_What you will do_: The data below is to be copied exactly, line by line.

_Listed entries_:
◆ ◆ ◆ ◆

lemma distr_coupling_fst: "distr coupling (mu \<Otimes>\<^sub>M SY) fst = PY"
proof -
  have "distr coupling (mu \<Otimes>\<^sub>M SY) fst = PY \<bind> return (mu \<Otimes>\<^sub>M SY)"
    unfolding coupling_def
  proof (subst distr_bind[OF measurable_prob_algebraD[OF garble_kernel]])
    show "space PY \<noteq> {}"
      using prob_space_joint[OF prob_space_mu K'_kernel] by (rule prob_space.not_empty)
    show "PY \<bind> (\<lambda>z. distr (distr (g (snd z)) ((mu \<Otimes>\<^sub>M SY) \<Otimes>\<^sub>M SX) (\<lambda>x. (z, x))) (mu \<Otimes>\<^sub>M SY) fst)
        = PY \<bind> return (mu \<Otimes>\<^sub>M SY)"
    proof (rule bind_cong)
      fix z assume "z \<in> space PY"
      then have z: "z \<in> space (mu \<Otimes>\<^sub>M SY)"
        by (simp add: space_joint[OF prob_space_mu K'_kernel])
      have "distr (distr (g (snd z)) ((mu \<Otimes>\<^sub>M SY) \<Otimes>\<^sub>M SX) (\<lambda>x. (z, x))) (mu \<Otimes>\<^sub>M SY) fst
          = distr (g (snd z)) (mu \<Otimes>\<^sub>M SY) (\<lambda>x. z)"
        by (subst distr_distr[OF _ measurable_garble_pair[OF z]]) (simp_all add: comp_def)
      also have "\<dots> = return (mu \<Otimes>\<^sub>M SY) z"
        by (rule prob_space.distr_const[OF garbled_signal_measure(2)[OF z] z])
      finally show "distr (distr (g (snd z)) ((mu \<Otimes>\<^sub>M SY) \<Otimes>\<^sub>M SX) (\<lambda>x. (z, x))) (mu \<Otimes>\<^sub>M SY) fst
          = return (mu \<Otimes>\<^sub>M SY) z" .
    qed simp
  qed simp
  also have "\<dots> = PY"
    by (rule bind_return''[OF sets_joint[OF prob_space_mu K'_kernel]])
  finally show ?thesis .
qed

lemma joint_kernel_bind_garbling:
  assumes q: "q \<in> space mu"
  shows "distr (K' q) (mu \<Otimes>\<^sub>M SY) (\<lambda>y. (q, y)) \<bind> (\<lambda>z. distr (g (snd z)) (mu \<Otimes>\<^sub>M SX) (\<lambda>x. (fst z, x)))
    = distr (K q) (mu \<Otimes>\<^sub>M SX) (\<lambda>x. (q, x))"
proof -
  have H: "(\<lambda>z. distr (g (snd z)) (mu \<Otimes>\<^sub>M SX) (\<lambda>x. (fst z, x)))
      \<in> mu \<Otimes>\<^sub>M SY \<rightarrow>\<^sub>M prob_algebra (mu \<Otimes>\<^sub>M SX)"
    by measurable
  have K'q: "sets (K' q) = sets SY" "space (K' q) \<noteq> {}"
    using measurable_space[OF K'_kernel q] by (auto simp: space_prob_algebra dest: prob_space.not_empty)
  have "distr (K' q) (mu \<Otimes>\<^sub>M SY) (\<lambda>y. (q, y)) \<bind> (\<lambda>z. distr (g (snd z)) (mu \<Otimes>\<^sub>M SX) (\<lambda>x. (fst z, x)))
      = K' q \<bind> (\<lambda>y. distr (g y) (mu \<Otimes>\<^sub>M SX) (\<lambda>x. (q, x)))"
    using measurable_Pair1'[OF q, of SY] K'q
    by (subst bind_distr[OF _ measurable_prob_algebraD[OF H]]) (simp_all cong: measurable_cong_sets)
  also have "\<dots> = distr (K' q \<bind> g) (mu \<Otimes>\<^sub>M SX) (\<lambda>x. (q, x))"
  proof (rule distr_bind[symmetric])
    show "g \<in> K' q \<rightarrow>\<^sub>M subprob_algebra SX"
      using measurable_prob_algebraD[OF g_kernel] by (simp add: measurable_cong_sets[OF K'q(1) refl])
  qed (use K'q measurable_Pair1'[OF q, of SX] in auto)
  finally show ?thesis
    by (simp add: K_eq_bind[OF q])
qed

lemma distr_coupling_quality_garbled_signal:
  "distr coupling (mu \<Otimes>\<^sub>M SX) (\<lambda>w. (fst (fst w), snd w)) = PX"
proof -
  define H where "H z = distr (g (snd z)) (mu \<Otimes>\<^sub>M SX) (\<lambda>x. (fst z, x))" for z :: "real \<times> 'y"
  have H[measurable]: "H \<in> mu \<Otimes>\<^sub>M SY \<rightarrow>\<^sub>M prob_algebra (mu \<Otimes>\<^sub>M SX)"
    unfolding H_def by measurable
  have "distr coupling (mu \<Otimes>\<^sub>M SX) (\<lambda>w. (fst (fst w), snd w)) = PY \<bind> H"
    unfolding coupling_def
  proof (subst distr_bind[OF measurable_prob_algebraD[OF garble_kernel]])
    show "space PY \<noteq> {}"
      using prob_space_joint[OF prob_space_mu K'_kernel] by (rule prob_space.not_empty)
    show "PY \<bind> (\<lambda>z. distr (distr (g (snd z)) ((mu \<Otimes>\<^sub>M SY) \<Otimes>\<^sub>M SX) (\<lambda>x. (z, x)))
        (mu \<Otimes>\<^sub>M SX) (\<lambda>w. (fst (fst w), snd w))) = PY \<bind> H"
    proof (rule bind_cong)
      fix z assume "z \<in> space PY"
      then have z: "z \<in> space (mu \<Otimes>\<^sub>M SY)"
        by (simp add: space_joint[OF prob_space_mu K'_kernel])
      show "distr (distr (g (snd z)) ((mu \<Otimes>\<^sub>M SY) \<Otimes>\<^sub>M SX) (\<lambda>x. (z, x)))
          (mu \<Otimes>\<^sub>M SX) (\<lambda>w. (fst (fst w), snd w)) = H z"
        by (subst distr_distr[OF _ measurable_garble_pair[OF z]]) (simp_all add: comp_def H_def)
    qed simp
  qed simp
  also have "\<dots> = mu \<bind> (\<lambda>q. distr (K' q) (mu \<Otimes>\<^sub>M SY) (\<lambda>y. (q, y)) \<bind> H)"
  proof -
    have "(\<lambda>q. distr (K' q) (mu \<Otimes>\<^sub>M SY) (\<lambda>y. (q, y))) \<in> mu \<rightarrow>\<^sub>M prob_algebra (mu \<Otimes>\<^sub>M SY)"
      by measurable
    then show ?thesis
      unfolding joint_def by (rule bind_assoc[OF measurable_prob_algebraD measurable_prob_algebraD[OF H]])
  qed
  also have "\<dots> = PX"
    unfolding joint_def H_def using joint_kernel_bind_garbling by (intro bind_cong) simp_all
  finally show ?thesis .
qed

◆ ◆ ◆ ◆

_Solved exercise_:
lemma distr_coupling_fst: "distr coupling (mu \<Otimes>\<^sub>M SY) fst = PY"
proof -
  have "distr coupling (mu \<Otimes>\<^sub>M SY) fst = PY \<bind> return (mu \<Otimes>\<^sub>M SY)"
    unfolding coupling_def
  proof (subst distr_bind[OF measurable_prob_algebraD[OF garble_kernel]])
    show "space PY \<noteq> {}"
      using prob_space_joint[OF prob_space_mu K'_kernel] by (rule prob_space.not_empty)
    show "PY \<bind> (\<lambda>z. distr (distr (g (snd z)) ((mu \<Otimes>\<^sub>M SY) \<Otimes>\<^sub>M SX) (\<lambda>x. (z, x))) (mu \<Otimes>\<^sub>M SY) fst)
        = PY \<bind> return (mu \<Otimes>\<^sub>M SY)"
    proof (rule bind_cong)
      fix z assume "z \<in> space PY"
      then have z: "z \<in> space (mu \<Otimes>\<^sub>M SY)"
        by (simp add: space_joint[OF prob_space_mu K'_kernel])
      have "distr (distr (g (snd z)) ((mu \<Otimes>\<^sub>M SY) \<Otimes>\<^sub>M SX) (\<lambda>x. (z, x))) (mu \<Otimes>\<^sub>M SY) fst
          = distr (g (snd z)) (mu \<Otimes>\<^sub>M SY) (\<lambda>x. z)"
        by (subst distr_distr[OF _ measurable_garble_pair[OF z]]) (simp_all add: comp_def)
      also have "\<dots> = return (mu \<Otimes>\<^sub>M SY) z"
        by (rule prob_space.distr_const[OF garbled_signal_measure(2)[OF z] z])
      finally show "distr (distr (g (snd z)) ((mu \<Otimes>\<^sub>M SY) \<Otimes>\<^sub>M SX) (\<lambda>x. (z, x))) (mu \<Otimes>\<^sub>M SY) fst
          = return (mu \<Otimes>\<^sub>M SY) z" .
    qed simp
  qed simp
  also have "\<dots> = PY"
    by (rule bind_return''[OF sets_joint[OF prob_space_mu K'_kernel]])
  finally show ?thesis .
qed

lemma joint_kernel_bind_garbling:
  assumes q: "q \<in> space mu"
  shows "distr (K' q) (mu \<Otimes>\<^sub>M SY) (\<lambda>y. (q, y)) \<bind> (\<lambda>z. distr (g (snd z)) (mu \<Otimes>\<^sub>M SX) (\<lambda>x. (fst z, x)))
    = distr (K q) (mu \<Otimes>\<^sub>M SX) (\<lambda>x. (q, x))"
proof -
  have H: "(\<lambda>z. distr (g (snd z)) (mu \<Otimes>\<^sub>M SX) (\<lambda>x. (fst z, x)))
      \<in> mu \<Otimes>\<^sub>M SY \<rightarrow>\<^sub>M prob_algebra (mu \<Otimes>\<^sub>M SX)"
    by measurable
  have K'q: "sets (K' q) = sets SY" "space (K' q) \<noteq> {}"
    using measurable_space[OF K'_kernel q] by (auto simp: space_prob_algebra dest: prob_space.not_empty)
  have "distr (K' q) (mu \<Otimes>\<^sub>M SY) (\<lambda>y. (q, y)) \<bind> (\<lambda>z. distr (g (snd z)) (mu \<Otimes>\<^sub>M SX) (\<lambda>x. (fst z, x)))
      = K' q \<bind> (\<lambda>y. distr (g y) (mu \<Otimes>\<^sub>M SX) (\<lambda>x. (q, x)))"
    using measurable_Pair1'[OF q, of SY] K'q
    by (subst bind_distr[OF _ measurable_prob_algebraD[OF H]]) (simp_all cong: measurable_cong_sets)
  also have "\<dots> = distr (K' q \<bind> g) (mu \<Otimes>\<^sub>M SX) (\<lambda>x. (q, x))"
  proof (rule distr_bind[symmetric])
    show "g \<in> K' q \<rightarrow>\<^sub>M subprob_algebra SX"
      using measurable_prob_algebraD[OF g_kernel] by (simp add: measurable_cong_sets[OF K'q(1) refl])
  qed (use K'q measurable_Pair1'[OF q, of SX] in auto)
  finally show ?thesis
    by (simp add: K_eq_bind[OF q])
qed

lemma distr_coupling_quality_garbled_signal:
  "distr coupling (mu \<Otimes>\<^sub>M SX) (\<lambda>w. (fst (fst w), snd w)) = PX"
proof -
  define H where "H z = distr (g (snd z)) (mu \<Otimes>\<^sub>M SX) (\<lambda>x. (fst z, x))" for z :: "real \<times> 'y"
  have H[measurable]: "H \<in> mu \<Otimes>\<^sub>M SY \<rightarrow>\<^sub>M prob_algebra (mu \<Otimes>\<^sub>M SX)"
    unfolding H_def by measurable
  have "distr coupling (mu \<Otimes>\<^sub>M SX) (\<lambda>w. (fst (fst w), snd w)) = PY \<bind> H"
    unfolding coupling_def
  proof (subst distr_bind[OF measurable_prob_algebraD[OF garble_kernel]])
    show "space PY \<noteq> {}"
      using prob_space_joint[OF prob_space_mu K'_kernel] by (rule prob_space.not_empty)
    show "PY \<bind> (\<lambda>z. distr (distr (g (snd z)) ((mu \<Otimes>\<^sub>M SY) \<Otimes>\<^sub>M SX) (\<lambda>x. (z, x)))
        (mu \<Otimes>\<^sub>M SX) (\<lambda>w. (fst (fst w), snd w))) = PY \<bind> H"
    proof (rule bind_cong)
      fix z assume "z \<in> space PY"
      then have z: "z \<in> space (mu \<Otimes>\<^sub>M SY)"
        by (simp add: space_joint[OF prob_space_mu K'_kernel])
      show "distr (distr (g (snd z)) ((mu \<Otimes>\<^sub>M SY) \<Otimes>\<^sub>M SX) (\<lambda>x. (z, x)))
          (mu \<Otimes>\<^sub>M SX) (\<lambda>w. (fst (fst w), snd w)) = H z"
        by (subst distr_distr[OF _ measurable_garble_pair[OF z]]) (simp_all add: comp_def H_def)
    qed simp
  qed simp
  also have "\<dots> = mu \<bind> (\<lambda>q. distr (K' q) (mu \<Otimes>\<^sub>M SY) (\<lambda>y. (q, y)) \<bind> H)"
  proof -
    have "(\<lambda>q. distr (K' q) (mu \<Otimes>\<^sub>M SY) (\<lambda>y. (q, y))) \<in> mu \<rightarrow>\<^sub>M prob_algebra (mu \<Otimes>\<^sub>M SY)"
      by measurable
    then show ?thesis
      unfolding joint_def by (rule bind_assoc[OF measurable_prob_algebraD measurable_prob_algebraD[OF H]])
  qed
  also have "\<dots> = PX"
    unfolding joint_def H_def using joint_kernel_bind_garbling by (intro bind_cong) simp_all
  finally show ?thesis .
qed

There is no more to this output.